You've moved non-determinism to the only place it's actually needed: resolving genuine human ambiguity. Everything else is compile-time safe.

The Architectural Fix: Constraint Layers

The solution isn't "better prompts" or "more training data." It's designing constraint layers that allocate non-determinism intentionally.

Layer 1: Type systems

Don't ask an LLM to generate JSON and hope it's valid. Ask it to generate JSON, then validate with a schema. Better yet, use grammar-constrained sampling (like JSON mode in GPT-4, or llama.cpp's grammar support) so invalid output is mathematically impossible.
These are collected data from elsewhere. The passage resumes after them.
lemma walk_shortcut:
  assumes f: "walk R f n" and ij: "Suc i < j" "j \<le> n" and step: "(f i, f j) \<in> R"
  obtains g m where "walk R g m" "m < n" "g 0 = f 0" "g m = f n"
proof -
  define g where "g t = (if t \<le> i then f t else f (t + (j - Suc i)))" for t
  have "walk R g (n - (j - Suc i))"
    unfolding walk_def
  proof (intro allI impI)
    fix t assume t: "t < n - (j - Suc i)"
    consider "t < i" | "t = i" | "i < t" by linarith
    then show "(g t, g (Suc t)) \<in> R"
    proof cases
      case 1
      then show ?thesis using f ij unfolding walk_def g_def by auto
    next
      case 2
      then show ?thesis using step ij unfolding g_def by simp
    next
      case 3
      then have "t + (j - Suc i) < n" using t ij by linarith
      then show ?thesis using f 3 unfolding walk_def g_def by auto
    qed
  qed
  moreover have "n - (j - Suc i) < n" "g 0 = f 0" "g (n - (j - Suc i)) = f n"
    using ij unfolding g_def by auto
  ultimately show ?thesis by (rule that)
qed

section \<open>Transfer of LL-lattices along order embeddings\<close>

lemma Join_subset_eqI: "is_lub P (\<subseteq>) S x \<Longrightarrow> Join P (\<subseteq>) S = x"
  unfolding Join_def by (rule the_equality) (auto simp: is_lub_def)

lemma meet_subset_eqI: "is_glb P (\<subseteq>) {x, y} z \<Longrightarrow> meet P (\<subseteq>) x y = z"
  unfolding meet_def by (rule the_equality) (auto simp: is_glb_def)

locale lattice_embedding =
  fixes P :: "'c set" and le :: "'c \<Rightarrow> 'c \<Rightarrow> bool" and f :: "'c \<Rightarrow> 'b" and le' :: "'b \<Rightarrow> 'b \<Rightarrow> bool"
  assumes lattice: "finite_lattice P le"
    and complete: "\<And>S. S \<subseteq> P \<Longrightarrow> \<exists>x. is_lub P le S x"
    and le_iff: "\<And>x y. x \<in> P \<Longrightarrow> y \<in> P \<Longrightarrow> le' (f x) (f y) \<longleftrightarrow> le x y"
begin

lemma le_refl_on: "x \<in> P \<Longrightarrow> le x x"
  using lattice unfolding finite_lattice_def by blast
(* Let $q=p^f$ be a prime power and $N>2$ an integer with $N\mid(q-1)$; put $k=(q-1)/N$. Let $\gamma$ be a primitive element of $\mathbb{F}_q$, $C_0=\langle\gamma^N\rangle$, and let $\eta_a=\sum_{x\in\gamma^aC_0}\psi(x)$, $0\le a\le N-1$. Suppose the $\eta_a$ take exactly three distinct rational values $\alpha_1,\alpha_2,\alpha_3$, and for $i=1,2,3$ let $I_i=\{a\in\mathbb{Z}_N:\eta_a=\alpha_i\}$. Then $$|I_1|=-\frac{\alpha_2\alpha_3(q-1)+k(q-k+\alpha_2+\alpha_3)}{k(\alpha_1-\alpha_2)(\alpha_3-\alpha_1)},\quad |I_2|=-\frac{\alpha_1\alpha_3(q-1)+k(q-k+\alpha_1+\alpha_3)}{k(\alpha_1-\alpha_2)(\alpha_2-\alpha_3)},$$ $$|I_3|=-\frac{\alpha_1\alpha_2(q-1)+k(q-k+\alpha_1+\alpha_2)}{k(\alpha_2-\alpha_3)(\alpha_3-\alpha_1)}.$$
   Context: $\psi$ is the canonical additive character of $\mathbb{F}_q$: $\psi(x)=\xi_p^{\mathrm{Tr}_{q/p}(x)}$, where $\xi_p$ is a complex primitive $p$-th root of unity and $\mathrm{Tr}_{q/p}$ is the absolute trace. *)

theory Defs
  imports Complex_Main "HOL-Computational_Algebra.Primes"
begin

definition abs_trace :: "nat \<Rightarrow> nat \<Rightarrow> 'a::field \<Rightarrow> 'a" where
  "abs_trace p f x = (\<Sum>i<f. x ^ (p ^ i))"

text \<open>The trace lies in the prime field {of_nat j | j < p}; its representative in {0..p-1}.\<close>
definition trace_nat :: "nat \<Rightarrow> nat \<Rightarrow> 'a::field \<Rightarrow> nat" where
  "trace_nat p f x = (THE j. j < p \<and> of_nat j = abs_trace p f x)"

text \<open>Canonical additive character psi(x) = xi^(Tr(x)), xi a primitive p-th root of unity.\<close>
definition add_char :: "complex \<Rightarrow> nat \<Rightarrow> nat \<Rightarrow> 'a::field \<Rightarrow> complex" where
  "add_char \<xi> p f x = \<xi> ^ trace_nat p f x"

definition cyc_class0 :: "nat \<Rightarrow> 'a::field \<Rightarrow> 'a set" where
  "cyc_class0 N \<gamma> = {\<gamma> ^ (N * j) | j. True}"

definition gauss_period :: "complex \<Rightarrow> nat \<Rightarrow> nat \<Rightarrow> nat \<Rightarrow> 'a::field \<Rightarrow> nat \<Rightarrow> complex" where
  "gauss_period \<xi> p f N \<gamma> a = (\<Sum>x\<in>((\<lambda>c. \<gamma> ^ a * c) ` cyc_class0 N \<gamma>). add_char \<xi> p f x)"

definition primitive_elem :: "'a::{field,finite} \<Rightarrow> bool" where
  "primitive_elem \<gamma> \<longleftrightarrow> \<gamma> \<noteq> 0 \<and> (\<forall>n. 0 < n \<and> n < card (UNIV :: 'a set) - 1 \<longrightarrow> \<gamma> ^ n \<noteq> 1)"

end

theory Submission
  imports Defs "HOL-Computational_Algebra.Polynomial" "HOL-Number_Theory.Cong"
begin

text \<open>
  The Gauss periods satisfy two moment identities. The classes \<open>\<gamma>^a C_0\<close> partition the nonzero
  field elements and \<open>\<psi>\<close> is a nontrivial additive character, so
  \<open>\<Sum>_a \<eta>_a = \<Sum>_{x \<noteq> 0} \<psi>(x) = -1\<close>. Writing \<open>y = x t\<close> with \<open>t \<in> C_0\<close>,
  \<open>\<Sum>_a |\<eta>_a|^2 = \<Sum>_a \<Sum>_{x, y \<in> \<gamma>^a C_0} \<psi>(x - y) = \<Sum>_{t \<in> C_0} \<Sum>_{x \<noteq> 0} \<psi>((1 - t) x)\<close>;
  the term \<open>t = 1\<close> contributes \<open>q - 1\<close> and each of the other \<open>k - 1\<close> terms contributes \<open>-1\<close>,
  so this sum is \<open>q - k\<close>. As the \<open>\<eta>_a\<close> are real, \<open>\<Sum>_a (\<eta>_a - \<alpha>_2)(\<eta>_a - \<alpha>_3)\<close> equals
  \<open>|I_1| (\<alpha>_1 - \<alpha>_2)(\<alpha>_1 - \<alpha>_3)\<close> on the one hand and \<open>(q - k) + (\<alpha>_2 + \<alpha>_3) + \<alpha>_2 \<alpha>_3 N\<close>,
  with \<open>N = (q - 1) / k\<close>, on the other; similarly for \<open>I_2\<close> and \<open>I_3\<close>.
\<close>

lemma prime_CHAR_finite_field: "prime CHAR('a::{field,finite})"
  by (intro prime_CHAR_semidom finite_imp_CHAR_pos) simp
(* Let $G$ be a finite group and $\varphi\colon T\to S$ a morphism of $G$-Tambara functors. The induced map $\varphi^a\colon\operatorname{Spec}_{\mathbf{Nak}}(S)\to\operatorname{Spec}_{\mathbf{Nak}}(T)$ sends each prime $Q$ of $S$ to its levelwise preimage $\varphi^{-1}(Q)$, where $\varphi^{-1}(Q)(G/H)=\varphi_H^{-1}(Q(G/H))$.
   Context: All rings are commutative with unit. A $G$-Tambara functor consists of commutative rings $T(G/H)$ for subgroups $H\le G$ with restriction ring maps, additive transfer maps, multiplicative norm maps and conjugation isomorphisms satisfying the standard Tambara axioms (Hill–Mazur); a morphism $\varphi\colon T\to S$ is a family of ring maps $\varphi_H$ commuting with all structure maps. A Tambara ideal is a family of ring ideals closed under restriction, transfer, norm and conjugation; proper if $1\notin I(G/G)$. Products of Tambara ideals are generated by levelwise products; the radical $\sqrt I$ has $\sqrt I(G/H)=\{x\mid\langle x\rangle^n\subseteq I\text{ for some }n\ge1\}$, $\langle x\rangle$ the Tambara ideal generated by $x$. A proper ideal $P$ is prime if $IJ\subseteq P$ implies $I\subseteq P$ or $J\subseteq P$. $\operatorname{Spec}_{\mathbf{Nak}}(T)$ is the set of primes with subbasic closed sets $V_H(x)=\{P\mid x\in P(G/H)\}$. $\mathrm{RadId}_G(T)$ is the frame of radical Tambara ideals (inclusion order; joins $\sqrt{\sum I_\lambda}$); each prime $P$ corresponds to the frame point $p_P\colon\mathrm{RadId}_G(T)\to\{0,1\}$ with $p_P(I)=0$ iff $I\subseteq P$, and conversely a point $p$ corresponds to the prime $\bigvee\{I\mid p(I)=0\}$. For a Tambara ideal $I$ of $T$, $\varphi_*(I)$ is the Tambara ideal of $S$ generated by the sets $\varphi_H(I(G/H))$, and $\widetilde\varphi(I)=\sqrt{\varphi_*(I)}$ defines a frame homomorphism $\mathrm{RadId}_G(T)\to\mathrm{RadId}_G(S)$. The map $\varphi^a$ sends $Q$ to the prime of $T$ corresponding to the point $p_Q\circ\widetilde\varphi$. *)

theory Defs
  imports "HOL-Algebra.Algebra"
begin

(* ------------------------------------------------------------------------
   G-Tambara functors in subgroup ("Hill--Mazur") form.
   G is a HOL-Algebra group; the level T(G/H) is indexed by the subgroup H.
   All levels share the element type 'a (this loses no generality).
     tlev T H        : the commutative ring T(G/H)
     tres T H K      : restriction  T(G/H) -> T(G/K)      (K <= H)
     ttr  T K H      : transfer     T(G/K) -> T(G/H)      (K <= H)
     tnm  T K H      : norm         T(G/K) -> T(G/H)      (K <= H)
     tcj  T g H      : conjugation  T(G/H) -> T(G/gHg^-1)
   ------------------------------------------------------------------------ *)

record ('g, 'a) tambara =
  tlev :: "'g set \<Rightarrow> 'a ring"
  tres :: "'g set \<Rightarrow> 'g set \<Rightarrow> 'a \<Rightarrow> 'a"
  ttr  :: "'g set \<Rightarrow> 'g set \<Rightarrow> 'a \<Rightarrow> 'a"
  tnm  :: "'g set \<Rightarrow> 'g set \<Rightarrow> 'a \<Rightarrow> 'a"
  tcj  :: "'g \<Rightarrow> 'g set \<Rightarrow> 'a \<Rightarrow> 'a"
lemma (in group) cayley_adj_rtranclp_mult:
  assumes S: "S \<subseteq> carrier G" "\<And>s. s \<in> S \<Longrightarrow> inv s \<in> S"
    and "h \<in> generate G S" "x \<in> carrier G"
  shows "(cayley_adj G S)\<^sup>*\<^sup>* x (x \<otimes> h)"
  using assms(3,4)
proof (induction h arbitrary: x rule: generate.induct)
  case one
  then show ?case by simp
next
  case (incl h)
  then show ?case using S(1) by (intro cayley_adj_rtranclp_mult_generator)
next
  case (inv h)
  then show ?case using S by (intro cayley_adj_rtranclp_mult_generator) auto
next
  case (eng h1 h2)
  have carrier: "h1 \<in> carrier G" "h2 \<in> carrier G"
    using eng.hyps S(1) by (auto intro: generate_in_carrier)
  have "(cayley_adj G S)\<^sup>*\<^sup>* x (x \<otimes> h1)" using eng.IH(1) eng.prems .
  moreover have "(cayley_adj G S)\<^sup>*\<^sup>* (x \<otimes> h1) (x \<otimes> h1 \<otimes> h2)"
    using eng.IH(2) eng.prems carrier by simp
  ultimately show ?case using eng.prems carrier by (simp add: m_assoc)
qed

lemma (in group) cayley_adj_connected:
  assumes "finite_symmetric_generating_set G S" "x \<in> carrier G" "y \<in> carrier G"
  shows "(cayley_adj G S)\<^sup>*\<^sup>* x y"
proof -
  have "(cayley_adj G S)\<^sup>*\<^sup>* x (x \<otimes> (inv x \<otimes> y))"
    using assms unfolding finite_symmetric_generating_set_def
    by (intro cayley_adj_rtranclp_mult) auto
  then show ?thesis using assms(2,3) by (simp flip: m_assoc)
qed

lemma (in group) outer_boundary_cayley_adj:
  "B \<subseteq> carrier G \<Longrightarrow> S \<subseteq> carrier G \<Longrightarrow> outer_boundary (cayley_adj G S) B = right_boundary G S B"
  unfolding outer_boundary_def cayley_adj_def right_boundary_def set_mult_def
  by (fastforce intro: m_closed)

lemma (in group) finitely_generated_group_symmetric_generating_set:
  assumes "finitely_generated_group G"
  shows "\<exists>S. finite_symmetric_generating_set G S"
proof -
  obtain S where S: "finite S" "S \<subseteq> carrier G" "generate G S = carrier G"
    using assms unfolding finitely_generated_group_def by blast
  have "S \<union> m_inv G ` S \<subseteq> carrier G" using S(2) by auto
  then have "generate G (S \<union> m_inv G ` S) = carrier G"
    using S(3) mono_generate[of S "S \<union> m_inv G ` S"] generate_in_carrier by blast
  then have "finite_symmetric_generating_set G (S \<union> m_inv G ` S)"
    using S unfolding finite_symmetric_generating_set_def by auto
  then show ?thesis ..
qed

theorem mainTheorem5:
  fixes G :: "('a, 'b) monoid_scheme"
  assumes "group G"
    and "finitely_generated_group G"
    and "infinite (carrier G)"
    and "amenable_group G"
  shows "extraterrestrial_group G"
proof -
  obtain \<nu> where "right_invariant_mean G \<nu>"
    using amenable_group_right_invariant_mean[OF assms(4)] by blast
  then interpret right_invariant_mean G \<nu> .
  obtain S where S: "finite_symmetric_generating_set G S"
    using finitely_generated_group_symmetric_generating_set[OF assms(2)] by blast
  then have S_fin: "finite S" "S \<subseteq> carrier G" unfolding finite_symmetric_generating_set_def by auto
  have "extraterrestrial (carrier G) (cayley_adj G S)"
  proof (rule extraterrestrial_if_folner_sets)
    show "infinite (carrier G)" by fact
    show "\<And>x y. cayley_adj G S x y \<Longrightarrow> y \<in> carrier G" unfolding cayley_adj_def by blast
    show "\<And>x y. x \<in> carrier G \<Longrightarrow> y \<in> carrier G \<Longrightarrow> (cayley_adj G S)\<^sup>*\<^sup>* x y"
      using S by (rule cayley_adj_connected)
    fix m
    obtain B where "finite B" "B \<noteq> {}" "B \<subseteq> carrier G" "m * card (right_boundary G S B) < card B"
      using exists_folner_set[OF S_fin] by blast
    then show "\<exists>U. finite U \<and> U \<noteq> {} \<and> U \<subseteq> carrier G \<and> finite (outer_boundary (cayley_adj G S) U) \<and>
        m * card (outer_boundary (cayley_adj G S) U) \<le> card U"
      using S_fin by (intro exI[of _ B]) (simp add: outer_boundary_cayley_adj finite_right_boundary)
  qed
  with S show ?thesis unfolding extraterrestrial_group_def by blast
qed
lemma closedin_translate: "closedin (full_shift_top A) (translate i)"
  unfolding translate_def by (rule closedin_shift_by_vimage[OF closedin_component])

lemma shift_invariant_translate: "shift_invariant (int m) (translate i)"
  unfolding shift_invariant_def
proof
  fix y :: "int \<Rightarrow> 'a"
  have "shift_by (int m) (shift_by i y) \<in> Xj \<longleftrightarrow> shift_by i y \<in> Xj"
    using shift_invariant_component unfolding shift_invariant_def by blast
  then show "shift_by (int m) y \<in> translate i \<longleftrightarrow> y \<in> translate i"
    by (simp add: translate_def add.commute)
qed

lemma translate_mod: "translate (i mod int m) = translate i"
proof (rule set_eqI)
  fix y :: "int \<Rightarrow> 'a"
  have "shift_by (i div int m * int m) (shift_by (i mod int m) y) \<in> Xj \<longleftrightarrow> shift_by (i mod int m) y \<in> Xj"
    using shift_invariant_mult[OF shift_invariant_component] unfolding shift_invariant_def by blast
  then show "y \<in> translate (i mod int m) \<longleftrightarrow> y \<in> translate i"
    by (simp add: translate_def)
qed
(* Let $r$ be an integer with $r>0$. For $N\in\mathbb{N}$ let $$K_{r,N}(z,z')=e^{-\frac{\pi}{2}(|z|^2+|z'|^2)}\sum_{j=0}^{N-1}H_{j,r}(z,\overline{z})\,\overline{H_{j,r}(z',\overline{z'})},\qquad z,z'\in\mathbb{C},$$ and let $\rho_{r,N}(z)=K_{r,N}(z,z)$. Then $$\rho_{r,N}\Big(\sqrt{\tfrac{N}{\pi}}\,\cdot\Big)\longrightarrow 1_{\mathbb{D}}\quad\text{in } L^1(\mathbb{R}^2)\text{ as } N\to\infty,$$ where $\mathbb{D}$ is the unit disk. Moreover there is a constant $C_r$ (depending only on $r$) such that for all $N$, $$\big\|\rho_{r,N}-1_{\mathbb{D}_{\sqrt{N/\pi}}}\big\|_{L^1(\mathbb{R}^2)}\le C_r\sqrt{N},$$ where $\mathbb{D}_{\rho}$ denotes the disk of radius $\rho$ centered at the origin.
   Context: $\mathbb{C}$ is identified with $\mathbb{R}^2$. The Laguerre polynomials are $L_j^{\alpha}(x)=\sum_{i=0}^{j}(-1)^i\binom{j+\alpha}{j-i}\frac{x^i}{i!}$ for $j\ge0$, $j+\alpha\ge0$. The complex Hermite polynomials are, for $j,r\ge 0$, $H_{j,r}(z,\overline z)=\sqrt{\frac{r!}{j!}}\pi^{\frac{j-r}{2}}z^{j-r}L_r^{j-r}(\pi|z|^2)$ if $j>r$, and $H_{j,r}(z,\overline z)=(-1)^{r-j}\sqrt{\frac{j!}{r!}}\pi^{\frac{r-j}{2}}\overline{z}^{\,r-j}L_j^{r-j}(\pi|z|^2)$ if $j\le r$. The function $K_{r,N}$ is the correlation kernel of the finite $(r,N)$-pure polyanalytic Ginibre ensemble and $\rho_{r,N}$ its one-point intensity. *)

theory Defs
  imports "HOL-Analysis.Analysis"
begin

definition laguerre :: "nat \<Rightarrow> nat \<Rightarrow> real \<Rightarrow> real" where
  "laguerre j \<alpha> x = (\<Sum>i=0..j. (-1)^i * real ((j + \<alpha>) choose (j - i)) * x^i / fact i)"

definition cHermite :: "nat \<Rightarrow> nat \<Rightarrow> complex \<Rightarrow> complex" where
  "cHermite j r z =
     (if j > r then
        complex_of_real (sqrt (fact r / fact j) * pi powr (real (j - r) / 2)) * z ^ (j - r)
          * complex_of_real (laguerre r (j - r) (pi * (cmod z)^2))
      else
        complex_of_real ((-1)^(r - j) * sqrt (fact j / fact r) * pi powr (real (r - j) / 2))
          * (cnj z) ^ (r - j) * complex_of_real (laguerre j (r - j) (pi * (cmod z)^2)))"

definition Kker :: "nat \<Rightarrow> nat \<Rightarrow> complex \<Rightarrow> complex \<Rightarrow> complex" where
  "Kker r N z w = complex_of_real (exp (- (pi / 2) * ((cmod z)^2 + (cmod w)^2)))
     * (\<Sum>j<N. cHermite j r z * cnj (cHermite j r w))"

definition rho :: "nat \<Rightarrow> nat \<Rightarrow> complex \<Rightarrow> complex" where
  "rho r N z = Kker r N z z"

end

theory Submission
  imports Defs
begin

text \<open>
  In the radial variable \<open>t = \<pi>|z|\<^sup>2\<close> the intensity becomes \<open>\<rho>\<^sub>r\<^sub>,\<^sub>N = \<Sum>\<^sub>j\<^sub><\<^sub>N q\<^sub>j(t)\<close>, where
  \<open>q\<^sub>j(t) = exp(-t) t\<^sup>j P\<^sub>r(j,t)\<^sup>2 / (j! r! t\<^sup>r)\<close> and \<open>P\<^sub>r(j,t)\<close> is, up to the factor \<open>(-t)\<^sup>r\<close>, the
  Charlier polynomial in \<open>j\<close>. Each \<open>q\<^sub>j\<close> integrates to \<open>1\<close> over \<open>t > 0\<close>, so the radial
  intensity has total mass \<open>N\<close>, which is also the mass of the indicator of \<open>[0, N)\<close>;
  hence the \<open>L\<^sup>1\<close> distance equals twice the deficit \<open>\<integral>\<^sub>0\<^sup>N (1 - \<rho>)\<close>. For fixed \<open>t\<close>,
  orthogonality of the Charlier polynomials with respect to the Poisson weights makes
  \<open>j \<mapsto> q\<^sub>j(t)\<close> a probability distribution with mean \<open>t + r\<close> and variance \<open>(2r+1)t\<close>,
  so Chebyshev's inequality bounds \<open>1 - \<rho>(t)\<close> by \<open>(2r+1)t / (N - r - t)\<^sup>2\<close>. Integrating
  this up to \<open>N - r - \<surd>N\<close> and the trivial bound \<open>1\<close> beyond gives a deficit of order \<open>\<surd>N\<close>;
  the rescaled statement follows by a change of variables.
\<close>

section \<open>Polar coordinates\<close>

lemma emeasure_pi_norm_sq_atMost:
  "emeasure lborel ((\<lambda>z::complex. pi * (cmod z)^2) -` {..a}) = ennreal (max 0 a)"
proof (cases "a < 0")
  case True
  then have "(\<lambda>z::complex. pi * (cmod z)^2) -` {..a} = {}"
    by (auto simp: not_le) (smt (verit) pi_gt_zero zero_le_power2 mult_nonneg_nonneg)
  then show ?thesis using True by simp
next
  case False
  have "pi * (cmod z)^2 \<le> a \<longleftrightarrow> cmod z \<le> sqrt (a / pi)" for z :: complex
  proof -
    have "pi * (cmod z)^2 \<le> a \<longleftrightarrow> (cmod z)^2 \<le> a / pi"
      by (simp add: field_simps mult.commute)
    also have "\<dots> \<longleftrightarrow> cmod z \<le> sqrt (a / pi)"
      using False by (metis norm_ge_zero real_sqrt_le_iff real_sqrt_abs abs_norm_cancel)
    finally show ?thesis .
  qed
  then have "(\<lambda>z::complex. pi * (cmod z)^2) -` {..a} = cball 0 (sqrt (a / pi))"
    by (auto simp: dist_norm)
  then show ?thesis
    using False by (simp add: emeasure_cball unit_ball_vol_2 power2_eq_square)
qed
Layer 2: Capability registries

Don't describe capabilities in prose. Register them as typed functions with explicit signatures:

type Tool = {
  name: string;
  parameters: JSONSchema;
  execute: (params: unknown) => Promise<Result>;
};

const TOOLS: Map<string, Tool> = new Map([...]);

The LLM outputs a tool name (a string). Your code validates it exists, parses parameters against the schema, and dispatches. The LLM cannot hallucinate a tool that isn't in the registry.

Layer 3: Verification loops

For high-stakes operations, make the LLM generate a plan, then show the user the deterministic execution trace before running it:

GPT-4 generated plan:
  1. Read file: src/database.ts
  2. Execute SQL: DROP TABLE users
  3. Commit with message: "Clean up old table"
  
Proceed? [y/N]

The non-deterministic part (understanding intent) is separated from the deterministic part (executing commands). The user reviews the deterministic part.

The Real Lesson

Hallucination isn't the enemy. Misallocated non-determinism is.

Every time you ask an LLM to do something a regex, parser, or type system could do, you're voluntarily downgrading from 100% reliability to 95%. Do that ten times in a pipeline and you're at 60% reliability.

The best AI systems in production today—GitHub Copilot, Cursor, v0.dev—all follow this pattern. They use LLMs for the irreducibly creative parts (generating code, suggesting designs) and deterministic systems for everything else (syntax validation, type checking, file I/O).

Your architecture shouldn't fight hallucination. It should contain it—allocate it to exactly the places where non-determinism is the feature, not the bug.

Because the LLM isn't broken. Your stack is.